The required file encoding for the data source files to be ingested is UTF-8. This is required even when you believe you have a different encoding, such as US ASCII. It is often observed - generally in files coming from or prepared in Windows environments - there are non-ascii characters in data sources even when they are not expected!
The export of data or ETL processes should always write the final file that will be sent to Senzing and G2Loader with UTF-8 encoding.
If you've been supplied data source files and are unsure of the file encoding you can check with the file or enca commands. Depending on the severity of spurious characters in a non-UTF-8 file you may also try using the iconv command to convert from one encoding to UTF-8; though be aware this does have limitations.

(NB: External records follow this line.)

fun column_ok :: "column \<Rightarrow> column \<Rightarrow> column \<Rightarrow> bool" where
  "column_ok (a0, a1, a2, a3) (b0, b1, b2, b3) (c0, c1, c2, c3) \<longleftrightarrow>
     column_indep (b0, b1, b2, b3) \<and> column_indep (c0, c1, c2, c3) \<and>
     \<not> (a0 \<and> b0) \<and> \<not> (a1 \<and> b1) \<and> \<not> (a2 \<and> b2) \<and> \<not> (a3 \<and> b3) \<and>
     \<not> (b0 \<and> c0) \<and> \<not> (b1 \<and> c1) \<and> \<not> (b2 \<and> c2) \<and> \<not> (b3 \<and> c3) \<and>
     (\<not> b0 \<longrightarrow> one_or_two (of_bool b1 + of_bool a0 + of_bool c0)) \<and>
     (\<not> b1 \<longrightarrow> one_or_two (of_bool b0 + of_bool b2 + of_bool a1 + of_bool c1)) \<and>
     (\<not> b2 \<longrightarrow> one_or_two (of_bool b1 + of_bool b3 + of_bool a2 + of_bool c2)) \<and>
     (\<not> b3 \<longrightarrow> one_or_two (of_bool b2 + of_bool a3 + of_bool c3))"

fun run :: "column \<times> column \<Rightarrow> column list \<Rightarrow> (column \<times> column) option" where
  "run s [] = Some s"
| "run (a, b) (c # cs) = (if column_ok a b c then run (b, c) cs else None)"

text \<open>The empty column plays the role of the missing columns before the first and after the last.\<close>

fun admissible :: "column list \<Rightarrow> bool" where
  "admissible [] \<longleftrightarrow> False"
| "admissible (c # cs) \<longleftrightarrow> column_indep c \<and>
     (case run (col_none, c) cs of None \<Rightarrow> False | Some (a, b) \<Rightarrow> column_ok a b col_none)"

definition indep_columns :: "column list" where
  "indep_columns = [col_none, col_0, col_1, col_2, col_3, col_02, col_03, col_13]"

lemma column_indep_in_indep_columns: "column_indep c \<Longrightarrow> c \<in> set indep_columns"
  by (cases c) (auto simp: indep_columns_def)

lemma column_ok_imp_indep: "column_ok a b c \<Longrightarrow> column_indep b \<and> column_indep c"
  by (cases a; cases b; cases c) auto
(* Let $A\in\mathbb{C}^{m\times n}$ and $B\in\mathbb{C}^{n\times p}$. Then each of the following sets of matrices is contained in $\{(AB)^{(1,2)}\}$: $$\{(A^{(1,2)}AB)^{(1,2)}A^{(1,2)}\},\quad \{B^{(1,2)}(ABB^{(1,2)})^{(1,2)}\},\quad \{(A^{*}AB)^{(1,2)}A^{*}\},\quad \{B^{*}(ABB^{*})^{(1,2)}\},\quad \{(AA^{*}AB)^{(1,2)}AA^{*}\},$$ $$\{B^{*}B(ABB^{*}B)^{(1,2)}\},\quad \{B^{(1,2)}(A^{(1,2)}ABB^{(1,2)})^{(1,2)}A^{(1,2)}\},\quad \{B^{*}(A^{*}ABB^{*})^{(1,2)}A^{*}\},\quad \{B^{*}B(AA^{*}ABB^{*}B)^{(1,2)}AA^{*}\}.$$
   Context: For a complex matrix $X$, $X^*$ is its conjugate transpose, $r(X)$ its rank and $\mathscr{R}(X)$ its column space. For $X\in\mathbb{C}^{p\times q}$, a matrix $G\in\mathbb{C}^{q\times p}$ is called an $\{i,\ldots,j\}$-generalized inverse of $X$ (written $X^{(i,\ldots,j)}$) if it satisfies the equations numbered $i,\ldots,j$ among the four Penrose equations (i) $XGX=X$, (ii) $GXG=G$, (iii) $(XG)^*=XG$, (iv) $(GX)^*=GX$; $\{X^{(i,\ldots,j)}\}$ denotes the set of all such $G$. The Moore–Penrose inverse $X^\dagger$ is the unique matrix satisfying all four equations. For a matrix expression involving generalized inverses, $\{\cdot\}$ denotes the set of all values of the expression as each generalized inverse occurring in it ranges over all admissible choices; repeated occurrences of the same symbol (e.g. $A^{(1)}$ appearing twice) denote one and the same choice, and a generalized inverse of a matrix that itself contains a chosen generalized inverse is taken with respect to that chosen matrix. *)

theory Defs
  imports "Jordan_Normal_Form.Schur_Decomposition"
begin

definition gi12 :: "complex mat \<Rightarrow> complex mat set" where
  "gi12 X = {G. G \<in> carrier_mat (dim_col X) (dim_row X) \<and> X * G * X = X \<and> G * X * G = G}"

abbreviation ct :: "complex mat \<Rightarrow> complex mat" where
  "ct X \<equiv> mat_adjoint X"

end

theory Submission
  imports Defs
begin

(*
  For G a {1,2}-inverse of L X R, the product R G L is always a {2}-inverse of X, and it is a
  {1}-inverse as soon as L can be cancelled on the left of X and R on the right of X, i.e. as soon
  as L X U = L X V implies X U = X V and U X R = V X R implies U X = V X.  A {1}-inverse A1 of A
  cancels on the left of A B since A A1 A = A, and A^* cancels since A^* A Y = 0 forces
  (A Y)^* (A Y) = 0, hence A Y = 0; cancellability is stable under products, which covers A A^*.
  Dually for B1, B^* and B^* B on the right.
*)

lemma mat_adjoint_index [simp]:
  "i < dim_col A \<Longrightarrow> j < dim_row A \<Longrightarrow> mat_adjoint A $$ (i, j) = conjugate (A $$ (j, i))"
  by (simp add: mat_adjoint_def mat_of_rows_def)

lemma mat_adjoint_dim [simp]:
  "dim_row (mat_adjoint A) = dim_col A" "dim_col (mat_adjoint A) = dim_row A"
  by (simp_all add: mat_adjoint_def)

lemma mat_adjoint_mult:
  fixes A B :: "'a :: conjugatable_field mat"
  assumes "A \<in> carrier_mat m n" and "B \<in> carrier_mat n p"
  shows "mat_adjoint (A * B) = mat_adjoint B * mat_adjoint A"
proof -
  have inner: "dim_col A = dim_row B"
    using assms by simp
  show ?thesis
  proof (rule eq_matI)
    fix i j assume "i < dim_row (mat_adjoint B * mat_adjoint A)" "j < dim_col (mat_adjoint B * mat_adjoint A)"
    then show "mat_adjoint (A * B) $$ (i, j) = (mat_adjoint B * mat_adjoint A) $$ (i, j)"
      using inner by (simp add: scalar_prod_def sum_conjugate conjugate_dist_mul mult.commute)
  qed (use inner in simp_all)
qed

lemma mat_adjoint_mult_self_eq_0:
  fixes Y :: "'a :: conjugatable_ordered_field mat"
  assumes Y: "Y \<in> carrier_mat m n" and eq: "mat_adjoint Y * Y = 0\<^sub>m n n"
  shows "Y = 0\<^sub>m m n"
proof (rule eq_matI)
  fix i j assume i: "i < dim_row (0\<^sub>m m n :: 'a mat)" and j: "j < dim_col (0\<^sub>m m n :: 'a mat)"
  have "col Y j \<bullet>c col Y j = (mat_adjoint Y * Y) $$ (j, j)"
    using Y j by (simp add: mat_adjoint_def conjugate_vec_sprod_comm[of _ m])
  also have "\<dots> = 0"
    using eq j by simp
  finally have "col Y j = 0\<^sub>v (dim_row Y)"
    using conjugate_square_eq_0_vec[OF col_dim[of Y j]] by blast
  then have "col Y j $ i = 0"
    using Y i by simp
  then show "Y $$ (i, j) = 0\<^sub>m m n $$ (i, j)"
    using Y i j by simp
qed (use Y in simp_all)

lemma mat_adjoint_carrier [simp]:
  "mat_adjoint A \<in> carrier_mat n m \<longleftrightarrow> A \<in> carrier_mat m n"
  unfolding carrier_mat_def by auto

lemma mat_adjoint_adjoint [simp]: "mat_adjoint (mat_adjoint A) = A"
  by (rule eq_matI) simp_all

lemma mat_adjoint_mult_cancel_left:
  fixes A :: "'a :: conjugatable_ordered_field mat"
  assumes A: "A \<in> carrier_mat m n" and E: "E \<in> carrier_mat n k" and F: "F \<in> carrier_mat n k"
    and eq: "mat_adjoint A * (A * E) = mat_adjoint A * (A * F)"
  shows "A * E = A * F"
proof -
  have D: "E - F \<in> carrier_mat n k"
    using F by (rule minus_carrier_mat)
  define Y where "Y = A * (E - F)"
  have Y: "Y \<in> carrier_mat m k"
    using A D by (simp add: Y_def)
  have Y_eq: "Y = A * E - A * F"
    unfolding Y_def using A E F by (rule mult_minus_distrib_mat)
  have "mat_adjoint A * Y = mat_adjoint A * (A * E) - mat_adjoint A * (A * F)"
    unfolding Y_eq by (rule mult_minus_distrib_mat) (use A E F in auto)
  also have "\<dots> = 0\<^sub>m n k"
    unfolding eq using A F by simp
  finally have "mat_adjoint (E - F) * (mat_adjoint A * Y) = 0\<^sub>m k k"
    using D by (simp add: right_mult_zero_mat)
  moreover have "mat_adjoint Y = mat_adjoint (E - F) * mat_adjoint A"
    using A D unfolding Y_def by (simp add: mat_adjoint_mult)
  ultimately have "mat_adjoint Y * Y = 0\<^sub>m k k"
    using A D Y by simp
  then have "A * E - A * F = 0\<^sub>m m k"
    using mat_adjoint_mult_self_eq_0[OF Y] by (simp add: Y_eq)
  show ?thesis
  proof (rule eq_matI)
    fix i j assume ij: "i < dim_row (A * F)" "j < dim_col (A * F)"
    have "(A * E) $$ (i, j) - (A * F) $$ (i, j) = (A * E - A * F) $$ (i, j)"
      by (rule index_minus_mat[symmetric]) (use ij in auto)
    also have "\<dots> = 0"
      using \<open>A * E - A * F = 0\<^sub>m m k\<close> ij A F by simp
    finally show "(A * E) $$ (i, j) = (A * F) $$ (i, j)"
      by simp
  qed (use A E F in auto)
qed

lemma mat_adjoint_mult_cancel_right:
  fixes B :: "'a :: conjugatable_ordered_field mat"
  assumes B: "B \<in> carrier_mat n p" and E: "E \<in> carrier_mat k n" and F: "F \<in> carrier_mat k n"
    and eq: "E * B * mat_adjoint B = F * B * mat_adjoint B"
  shows "E * B = F * B"
proof -
  have adj: "mat_adjoint (X * B * mat_adjoint B) = B * (mat_adjoint B * mat_adjoint X)"
    if "X \<in> carrier_mat k n" for X
  proof -
    have XB: "X * B \<in> carrier_mat k p"
      using that B by simp
    show ?thesis
      unfolding mat_adjoint_mult[OF XB mat_adjoint_carrier[THEN iffD2, OF B]] mat_adjoint_mult[OF that B]
      using B that by simp
  qed
  have "mat_adjoint (mat_adjoint B) * (mat_adjoint B * mat_adjoint E)
      = mat_adjoint (mat_adjoint B) * (mat_adjoint B * mat_adjoint F)"
    using adj[OF E] adj[OF F] eq by simp
  then have "mat_adjoint B * mat_adjoint E = mat_adjoint B * mat_adjoint F"
    by (rule mat_adjoint_mult_cancel_left[rotated 3]) (use B E F in simp_all)
  then have "mat_adjoint (E * B) = mat_adjoint (F * B)"
    using B E F by (simp add: mat_adjoint_mult)
  then show ?thesis
    by (metis mat_adjoint_adjoint)
qed

lemma mult_assoc_dims:
  fixes A B C :: "'a :: semiring_0 mat"
  assumes "dim_col A = dim_row B" and "dim_col B = dim_row C"
  shows "A * B * C = A * (B * C)"
proof (rule assoc_mult_mat)
  show "A \<in> carrier_mat (dim_row A) (dim_col A)"
    by (rule carrier_matI) simp_all
  show "B \<in> carrier_mat (dim_col A) (dim_col B)"
    by (rule carrier_matI) (simp_all add: assms)
  show "C \<in> carrier_mat (dim_col B) (dim_col C)"
    by (rule carrier_matI) (simp_all add: assms)
qed

text \<open>\<open>left_cancellable L X\<close> says that the null space of \<open>L\<close> meets the range of \<open>X\<close> trivially,
  i.e. \<open>r(L X) = r(X)\<close>; dually \<open>right_cancellable R X\<close> says \<open>r(X R) = r(X)\<close>.  The carrier conditions
  are needed because products of matrices of mismatched dimensions are junk.\<close>

definition left_cancellable :: "'a :: semiring_0 mat \<Rightarrow> 'a mat \<Rightarrow> bool" where
  "left_cancellable L X \<longleftrightarrow>
    (\<forall>k U V. U \<in> carrier_mat (dim_col X) k \<longrightarrow> V \<in> carrier_mat (dim_col X) k \<longrightarrow>
      L * (X * U) = L * (X * V) \<longrightarrow> X * U = X * V)"

definition right_cancellable :: "'a :: semiring_0 mat \<Rightarrow> 'a mat \<Rightarrow> bool" where
  "right_cancellable R X \<longleftrightarrow>
    (\<forall>k U V. U \<in> carrier_mat k (dim_row X) \<longrightarrow> V \<in> carrier_mat k (dim_row X) \<longrightarrow>
      U * X * R = V * X * R \<longrightarrow> U * X = V * X)"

The following examples use native Linux commands, if these are not installed on your Linux system they are typically available in the standard distribution repositories and installed with your distributions package commands.
Checking a File Encoding
/home/g2/ > file demo/sample/sample_person.json
demo/sample/sample_person.json: ASCII text, with very long lines
/home/g2/ > enca -L none demo/sample/sample_person.json
7bit ASCII characters
When using file to check the encoding up until version 5.26 it only checks a few kilobytes of a file to make a best effort understanding of the encoding. Due to this it can get it wrong. For example, a file can be reported as 7bit ASCII but still have spurious non-ascii characters later in the file.
Version 5.26+ of file added a new parameter (bytes=x) to scan a set number of bytes in the file. Scanning a larger portion, if not all of a file, will give a more accurate result.
/home/g2 > fl_size=
$(wc -c < demo/sample/sample_person.json)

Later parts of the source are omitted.